Despite this triumphant success on the shores of Italy, and the prospects of long-meditated conquest thus opened before him, the failure before Rhodes rankled like a poisoned arrow in the heart of Mahomet. When the news of the defeat of his armament reached the sultan, his fury was unbounded, nay, it may be said to have amounted to madness. None dared present themselves before him, and the vizier was thought to have had a fortunate escape, when he received no greater chastisement at the tyrant’s hands than disgrace and exile. After the first outburst of rage was over, Mahomet prepared for vengeance. Declaring that his troops were only invincible under his own command, he assembled a force of 300,000 men, whom he led into Asia Minor, designing from thence to fall upon Rhodes, and crush the audacious islanders to the dust. But his hours were numbered; he died at Nicomedia after a brief and sudden sickness, which is said to have been his first; in the frenzy of his rage pouring forth wild and passionate expressions to the last, and shrieking in the very agonies of his death-struggle the words, “Rhodes, Rhodes, Rhodes!” They carried his body to Constantinople, and buried it in the mosque he had founded, and the inscription he had himself dictated on his death-bed was placed over his tomb:
I INTENDED TO CONQUER RHODES AND TO
SUBDUE ITALY.
CHAPTER V.
Bajazet and Djem—Djem takes refuge at Rhodes—He proceeds to France, and thence to Italy—Exculpation of D’Aubusson—His last days and death—Conquests of Selim, and accession of Solyman the Magnificent—Fall of Belgrade—Election of L’Isle Adam, and his correspondence with the sultan—Preparations for a fresh siege—Review of the Knights—Appearance of Rhodes—Character of L’Isle Adam—Ceremony at St. John’s—Military spectacle—Arrival of the enemy’s fleet.

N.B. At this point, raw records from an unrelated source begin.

lemma F_intra_exp_stable: "exp_stable_origin EI F_intra"
proof -
  have "sqrt (1 / (2 * lyap_const)) > 0" "min_weight / lyap_const / 2 > 0"
    using lyap_const_pos min_weight_pos by auto
  then show ?thesis
    unfolding exp_stable_origin_def using F_intra_zero F_intra_exp_bound by blast
qed

section \<open>Interconnection gains\<close>

definition rep :: "nat \<Rightarrow> nat" where
  "rep k = (SOME i. i \<in> P k)"

lemma rep_in: "k < m \<Longrightarrow> rep k \<in> P k"
  unfolding rep_def using clusters_nonempty by (metis some_in_eq)

lemma gamma_tilde_indep:
  assumes k: "k < m" and l: "l < m" and i: "i \<in> P k" and i': "i' \<in> P k"
  shows "gamma_tilde n m c a k l i = gamma_tilde n m c a k l i'"
proof -
  have eq: "(\<Sum>j\<in>P l'. a i j) = (\<Sum>j\<in>P l'. a i' j)" if "l' < m" "l' \<noteq> k" for l'
  proof -
    have "(\<Sum>j\<in>P l'. a i j - a i' j) = 0" using A3 k that i i' by blast
    then show ?thesis by (simp add: sum_subtractf)
  qed
  show ?thesis
  proof (cases "l = k")
    case True
    then show ?thesis unfolding gamma_tilde_def using eq by (auto intro!: sum.cong)
  next
    case False
    then show ?thesis unfolding gamma_tilde_def using eq[OF l] by auto
  qed
qed

lemma gamma_tilde_nonneg: "i < n \<Longrightarrow> gamma_tilde n m c a k l i \<ge> 0"
  unfolding gamma_tilde_def using a_nonneg cluster_lt by (auto intro!: sum_nonneg)

lemma abs_tdiff_le:
  assumes l: "l < m" and u: "u \<in> P l" and w: "w \<in> P l"
  shows "\<bar>tdiff ET y u w\<bar> \<le> (\<Sum>e\<in>Espan l. \<bar>y e\<bar>)"
proof -
  interpret K: oriented_tree "P l" "Espan l" by (rule oriented_tree_span[OF l])
  interpret T: oriented_tree "{..<n}" ET by (rule oriented_tree_T)
  obtain p where p: "is_tree_path (Espan l) u w p" using K.path_exists u w by blast
  have pw: "is_walk (Espan l) p" "p \<noteq> []" "hd p = u" "last p = w" "distinct p"
    using p by (auto simp: is_tree_path_iff_walk)
  have pT: "is_walk ET p" using is_walk_mono[OF pw(1)] Espan_subset_EI[OF l] EI_subset_ET by blast
  have "tdiff ET y u w = path_diff y p" using T.tdiff_walk[OF pT pw(2)] pw u cluster_lt by simp
  also have "\<bar>\<dots>\<bar> \<le> (\<Sum>e\<in>Espan l. \<bar>y e\<bar>)"
    by (rule abs_path_diff_le[OF pw(1) pw(5) finite_Espan[OF l]]) (use Espan_edgeD[OF l] in auto)
  finally show ?thesis .
qed

definition max_intra :: "nat" where
  "max_intra = Max ((\<lambda>r. card (P r) - 1) ` {..<m})"

lemma card_Espan_le: "l < m \<Longrightarrow> card (Espan l) \<le> max_intra"
proof -
  assume l: "l < m"
  have "card (Espan l) = card (P l) - 1" using span_k l by (simp add: is_spanning_tree_def)
  also have "\<dots> \<le> max_intra" unfolding max_intra_def using l by (intro Max_ge) auto
  finally show ?thesis .
qed

lemma sum_outside_cluster:
  assumes k: "k < m"
  shows "(\<Sum>z\<in>{..<n} - P k. f z) = (\<Sum>l\<in>{..<m} - {k}. \<Sum>z\<in>P l. f z)"
proof -
  have U: "{..<n} - P k = (\<Union>l\<in>{..<m} - {k}. P l)" using c_range by (auto simp: in_cluster)
  show ?thesis unfolding U
    by (rule sum.UNION_disjoint) (auto simp: finite_cluster in_cluster)
qed

lemma abs_sin_tdiff_cross_diff_le:
  assumes k: "k < m" and l: "l < m" and u: "u \<in> P k" "v \<in> P k" and z: "z \<in> P l" "w \<in> P l"
  shows "\<bar>sin (tdiff ET y u z) - sin (tdiff ET y v w)\<bar> \<le> (\<Sum>e\<in>Espan l. \<bar>y e\<bar>) + (\<Sum>e\<in>Espan k. \<bar>y e\<bar>)"
proof -
  interpret T: oriented_tree "{..<n}" ET by (rule oriented_tree_T)
  have "tdiff ET y u z - tdiff ET y v w = tdiff ET y w z - tdiff ET y v u"
    using T.tdiff_root[of v u z y] T.tdiff_root[of v w z y] u z cluster_lt by simp
  then have "\<bar>sin (tdiff ET y u z) - sin (tdiff ET y v w)\<bar> \<le> \<bar>tdiff ET y w z - tdiff ET y v u\<bar>"
    using abs_sin_diff_le by metis
  also have "\<dots> \<le> \<bar>tdiff ET y w z\<bar> + \<bar>tdiff ET y v u\<bar>" by (rule abs_triangle_ineq4)
  also have "\<dots> \<le> (\<Sum>e\<in>Espan l. \<bar>y e\<bar>) + (\<Sum>e\<in>Espan k. \<bar>y e\<bar>)"
    by (intro add_mono abs_tdiff_le) (use k l u z in auto)
  finally show ?thesis .
qed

The repulse of the infidels from the walls of Rhodes raised the order and its grand master to even a higher reputation than they had yet enjoyed. The name of D’Aubusson and his gallant knights rang through Europe, and excited an enthusiasm of admiration; and singular incidents followed on the death of Mahomet II. which served to extend the esteem and influence of the order even among the infidels themselves.